Через десять минут на кухне винтом закипел водоворот священнодействия. Что-то шипело на плите, шкворчало в умелых руках Льва, булькало и пахло так соблазнительно, что сонный Дмитрий, выбравшийся из своего укрытия, тотчас же проснулся, сделал, как рыжий сеттер, охотничью стойку и повел носом.
– Надя! – позвал он жену. – Кажется, что-то готовят!
– И чего это вы тут затеяли на моей кухне? – проворчала домработница, заглядывая в дверь.
– Она еще не твоя, – мстительно ответил Кирилл, не забывший ее грубости. – Кыш!
Бурча себе под нос разные слова, которые выражали ее сомнение в умственных способностях гостей покойного писателя, Наталья удалилась.

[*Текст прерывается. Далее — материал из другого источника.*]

text \<open>Complex linear algebraic groups are modelled (as usual) as Zariski-closed
subgroups of GL_n(C), matrices being complex^'n^'n for a finite index type 'n.\<close>

inductive_set poly_fun :: "((complex^'n^'n) \<Rightarrow> complex) set" where
  pf_const: "(\<lambda>A. c) \<in> poly_fun"
| pf_entry: "(\<lambda>A. A $ i $ j) \<in> poly_fun"
| pf_add: "p \<in> poly_fun \<Longrightarrow> q \<in> poly_fun \<Longrightarrow> (\<lambda>A. p A + q A) \<in> poly_fun"
| pf_mult: "p \<in> poly_fun \<Longrightarrow> q \<in> poly_fun \<Longrightarrow> (\<lambda>A. p A * q A) \<in> poly_fun"

definition lin_alg_group :: "(complex^'n^'n) set \<Rightarrow> bool" where
  "lin_alg_group G \<longleftrightarrow>
     (\<exists>P. P \<subseteq> poly_fun \<and> G = {A. invertible A \<and> (\<forall>p\<in>P. p A = 0)}) \<and>
     mat 1 \<in> G \<and> (\<forall>A\<in>G. \<forall>B\<in>G. A ** B \<in> G) \<and> (\<forall>A\<in>G. matrix_inv A \<in> G)"

definition regular_on :: "(complex^'n^'n) set \<Rightarrow> ((complex^'n^'n) \<Rightarrow> complex) \<Rightarrow> bool" where
  "regular_on G f \<longleftrightarrow> (\<exists>p k. p \<in> poly_fun \<and> (\<forall>A\<in>G. f A = p A / det A ^ k))"

definition character_free :: "(complex^'n^'n) set \<Rightarrow> bool" where
  "character_free G \<longleftrightarrow>
     (\<forall>ch. regular_on G ch \<and> (\<forall>A\<in>G. ch A \<noteq> 0) \<and>
          (\<forall>A\<in>G. \<forall>B\<in>G. ch (A ** B) = ch A * ch B)
          \<longrightarrow> (\<forall>A\<in>G. ch A = 1))"

definition cscale :: "complex \<Rightarrow> complex^'n^'n \<Rightarrow> complex^'n^'n" where
  "cscale c v = (\<chi> i j. c * v $ i $ j)"

text \<open>Holomorphic maps on the complex submanifold G of C^(n*n): locally restrictions
of complex-differentiable maps on open subsets of the ambient space.\<close>
definition holo_map :: "(complex^'n^'n) set \<Rightarrow> ((complex^'n^'n) \<Rightarrow> (complex^'n^'n)) \<Rightarrow> bool" where
  "holo_map G \<phi> \<longleftrightarrow>
     (\<forall>x\<in>G. \<exists>U F. open U \<and> x \<in> U \<and> (\<forall>z\<in>U \<inter> G. F z = \<phi> z) \<and>
        (\<forall>z\<in>U. \<exists>L. (F has_derivative L) (at z) \<and> (\<forall>c v. L (cscale c v) = cscale c (L v))))"

definition biholo :: "(complex^'n^'n) set \<Rightarrow> ((complex^'n^'n) \<Rightarrow> (complex^'n^'n)) \<Rightarrow> bool" where
  "biholo G \<phi> \<longleftrightarrow> \<phi> ` G = G \<and> inj_on \<phi> G \<and> holo_map G \<phi> \<and> holo_map G (the_inv_into G \<phi>)"

text \<open>Discrete subset: closed discrete (no accumulation point in G).\<close>
definition discrete_in :: "'a::topological_space set \<Rightarrow> 'a set \<Rightarrow> bool" where
  "discrete_in X D \<longleftrightarrow> D \<subseteq> X \<and> (\<forall>x\<in>X. \<exists>U. open U \<and> x \<in> U \<and> finite (U \<inter> D))"

definition exhaustion :: "'a::topological_space set \<Rightarrow> ('a \<Rightarrow> real) \<Rightarrow> bool" where
  "exhaustion X \<rho> \<longleftrightarrow> continuous_on X \<rho> \<and> (\<forall>x\<in>X. \<rho> x \<ge> 0) \<and>
     (\<forall>c. compact {x\<in>X. \<rho> x \<le> c})"

definition tame :: "(complex^'n^'n) set \<Rightarrow> (complex^'n^'n) set \<Rightarrow> bool" where
  "tame G D \<longleftrightarrow> infinite D \<and> discrete_in G D \<and>
     (\<forall>\<rho> \<zeta>. exhaustion G \<rho> \<and> (\<forall>x\<in>D. \<zeta> x \<ge> (0::real)) \<longrightarrow>
        (\<exists>\<phi>. biholo G \<phi> \<and> (\<forall>x\<in>D. \<rho> (\<phi> x) \<ge> \<zeta> x)))"

end

theory Submission
  imports Defs
begin

text \<open>Adding a point \<open>f\<close> to a tame set \<open>D\<close> keeps it tame. Given \<open>\<rho>\<close> and \<open>\<zeta>\<close>, the
sublevel set \<open>C = {\<rho> \<le> \<zeta> f}\<close> is compact, while \<open>G\<close> is not (it contains the infinite
discrete set \<open>D\<close>), so some left translate \<open>g C\<close> is disjoint from \<open>C\<close>: otherwise
\<open>G = C C\<^sup>-\<^sup>1\<close>. Tameness of \<open>D\<close> for the exhaustion \<open>min \<rho> (\<rho> \<circ> L\<^sub>g)\<close> yields \<open>\<phi>\<close>
such that both \<open>\<phi>\<close> and \<open>L\<^sub>g \<circ> \<phi>\<close> push \<open>D\<close> far enough, and one of the two also moves
\<open>f\<close> out of \<open>C\<close>. Removing points trivially preserves tameness.\<close>

lemma matrix_inv_right: "invertible A \<Longrightarrow> A ** matrix_inv A = mat 1"
  and matrix_inv_left: "invertible A \<Longrightarrow> matrix_inv A ** A = mat 1"
  for A :: "'a::semiring_1^'n^'n"
  unfolding invertible_def matrix_inv_def by (metis (mono_tags, lifting) someI_ex)+

lemma matrix_mul_inv_cancel_left: "invertible A \<Longrightarrow> A ** (matrix_inv A ** B) = B"
  and matrix_inv_mul_cancel_left: "invertible A \<Longrightarrow> matrix_inv A ** (A ** B) = B"
  for A :: "'a::semiring_1^'n^'n" and B :: "'a^'p^'n"
  by (simp_all add: matrix_mul_assoc matrix_inv_left matrix_inv_right)

lemma right_inverse_eq_matrix_inv:
  fixes A :: "'a::semiring_1^'n^'n"
  assumes "invertible A" "A ** B = mat 1"
  shows "B = matrix_inv A"
  by (metis assms matrix_inv_left matrix_mul_assoc matrix_mul_lid matrix_mul_rid)

lemma mat_1_neq_0: "(mat 1 :: 'a::zero_neq_one^'n^'n) \<noteq> 0"
  by (simp add: vec_eq_iff mat_def)

lemma bounded_bilinear_matrix_mult:
  "bounded_bilinear ((**) :: 'a::{euclidean_space, real_algebra_1}^'n^'m \<Rightarrow> 'a^'p^'n \<Rightarrow> 'a^'p^'m)"
  unfolding bilinear_conv_bounded_bilinear[symmetric] bilinear_def
  by (intro conjI allI linearI)
     (simp_all add: vec_eq_iff matrix_matrix_mult_def sum.distrib ring_distribs scaleR_sum_right)

lemmas continuous_on_matrix_mult = bounded_bilinear.continuous_on[OF bounded_bilinear_matrix_mult]
lemmas bounded_linear_matrix_mult_left = bounded_bilinear.bounded_linear_right[OF bounded_bilinear_matrix_mult]

lemma bounded_right_inverses:
  fixes C :: "('a::{euclidean_space, real_algebra_1}^'n^'n) set"
  assumes C: "compact C" and inv: "\<And>y. y \<in> C \<Longrightarrow> invertible y"
  shows "bounded {w. \<exists>y\<in>C. y ** w = mat 1}"
proof -
  define K where "K = (\<lambda>p. fst p ** snd p) ` (C \<times> sphere (0 :: 'a^'n^'n) 1)"
  have "compact K"
    unfolding K_def using C
    by (intro compact_continuous_image compact_Times continuous_on_matrix_mult continuous_intros) auto
  moreover have "0 \<notin> K"
  proof
    assume "0 \<in> K"
    then obtain y and u :: "'a^'n^'n" where "y \<in> C" "norm u = 1" "y ** u = 0"
      unfolding K_def by auto
    have "u = (matrix_inv y ** y) ** u"
      using \<open>y \<in> C\<close> by (simp add: matrix_inv_left inv)
    also have "\<dots> = 0"
      using \<open>y ** u = 0\<close>
      by (simp add: matrix_mul_assoc[symmetric] bounded_bilinear.zero_right[OF bounded_bilinear_matrix_mult])
    finally show False
      using \<open>norm u = 1\<close> by simp
  qed
  ultimately obtain d where "d > 0" and d: "\<And>x. x \<in> K \<Longrightarrow> d \<le> norm x"
    using separate_point_closed[of K 0] compact_imp_closed by (metis dist_0_norm)
  have "norm w \<le> norm (mat 1 :: 'a^'n^'n) / d" if "y \<in> C" "y ** w = mat 1" for y w
  proof -
    have "w \<noteq> 0"
      using that mat_1_neq_0 by (auto simp: bounded_bilinear.zero_right[OF bounded_bilinear_matrix_mult])
    then have "y ** ((1 / norm w) *\<^sub>R w) \<in> K"
      unfolding K_def using \<open>y \<in> C\<close> by (intro image_eqI[of _ _ "(y, (1 / norm w) *\<^sub>R w)"]) auto
    then have "d \<le> norm (y ** ((1 / norm w) *\<^sub>R w))"
      by (rule d)
    also have "\<dots> = norm (mat 1 :: 'a^'n^'n) / norm w"
      using that by (simp add: bounded_bilinear.scaleR_right[OF bounded_bilinear_matrix_mult])
    finally show ?thesis
      using \<open>d > 0\<close> \<open>w \<noteq> 0\<close> by (simp add: field_simps)
  qed
  then show ?thesis
    unfolding bounded_iff by blast
qed

text \<open>The right inverses are the projection of a compact set of pairs; this avoids
continuity of matrix inversion.\<close>

lemma compact_right_inverses:
  fixes C :: "('a::{euclidean_space, real_algebra_1}^'n^'n) set"
  assumes C: "compact C" and inv: "\<And>y. y \<in> C \<Longrightarrow> invertible y"
  shows "compact {w. \<exists>y\<in>C. y ** w = mat 1}"
proof -
  obtain r where r: "\<And>w. w \<in> {w. \<exists>y\<in>C. y ** w = mat 1} \<Longrightarrow> norm w \<le> r"
    using bounded_right_inverses[OF assms] unfolding bounded_iff by blast
  define P where "P = (C \<times> cball 0 r) \<inter> {p. fst p ** snd p = mat 1}"
  have "compact P"
    unfolding P_def using C
    by (intro compact_Int_closed compact_Times closed_Collect_eq continuous_on_matrix_mult continuous_intros) auto
  moreover have "{w. \<exists>y\<in>C. y ** w = mat 1} = snd ` P"
  proof
    show "{w. \<exists>y\<in>C. y ** w = mat 1} \<subseteq> snd ` P"
    proof
      fix w assume "w \<in> {w. \<exists>y\<in>C. y ** w = mat 1}"
      then obtain y where "y \<in> C" "y ** w = mat 1"
        by blast
      then have "(y, w) \<in> P"
        unfolding P_def using r by auto
      then show "w \<in> snd ` P"
        by (rule rev_image_eqI) simp
    qed
  qed (auto simp: P_def)
  ultimately show ?thesis
    using compact_continuous_image[OF continuous_on_snd[OF continuous_on_id]] by metis
qed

Кирилл встревоженно оглянулся.
– Макс… А где Виктория?
– Только что была здесь, – удивленно ответил плейбой.
Тут нехорошее предчувствие не то что кольнуло Кирилла в сердце, а со всего маху врезало ему кулаком куда-то под дых. Бизнесмен побелел, покраснел, заметался и опрометью выскочил из кухни.
– Виктория! Виктория, где ты? Что за скверные шутки!
…В своей комнате Олег Кошкин включил компьютер и стал распечатывать на цветном принтере какие-то фотографии, которые он сделал несколько часов назад с помощью фотоаппарата покойного писателя. Неожиданно в коридоре послышались легкие шаги, и без стука в комнату вошла Виктория.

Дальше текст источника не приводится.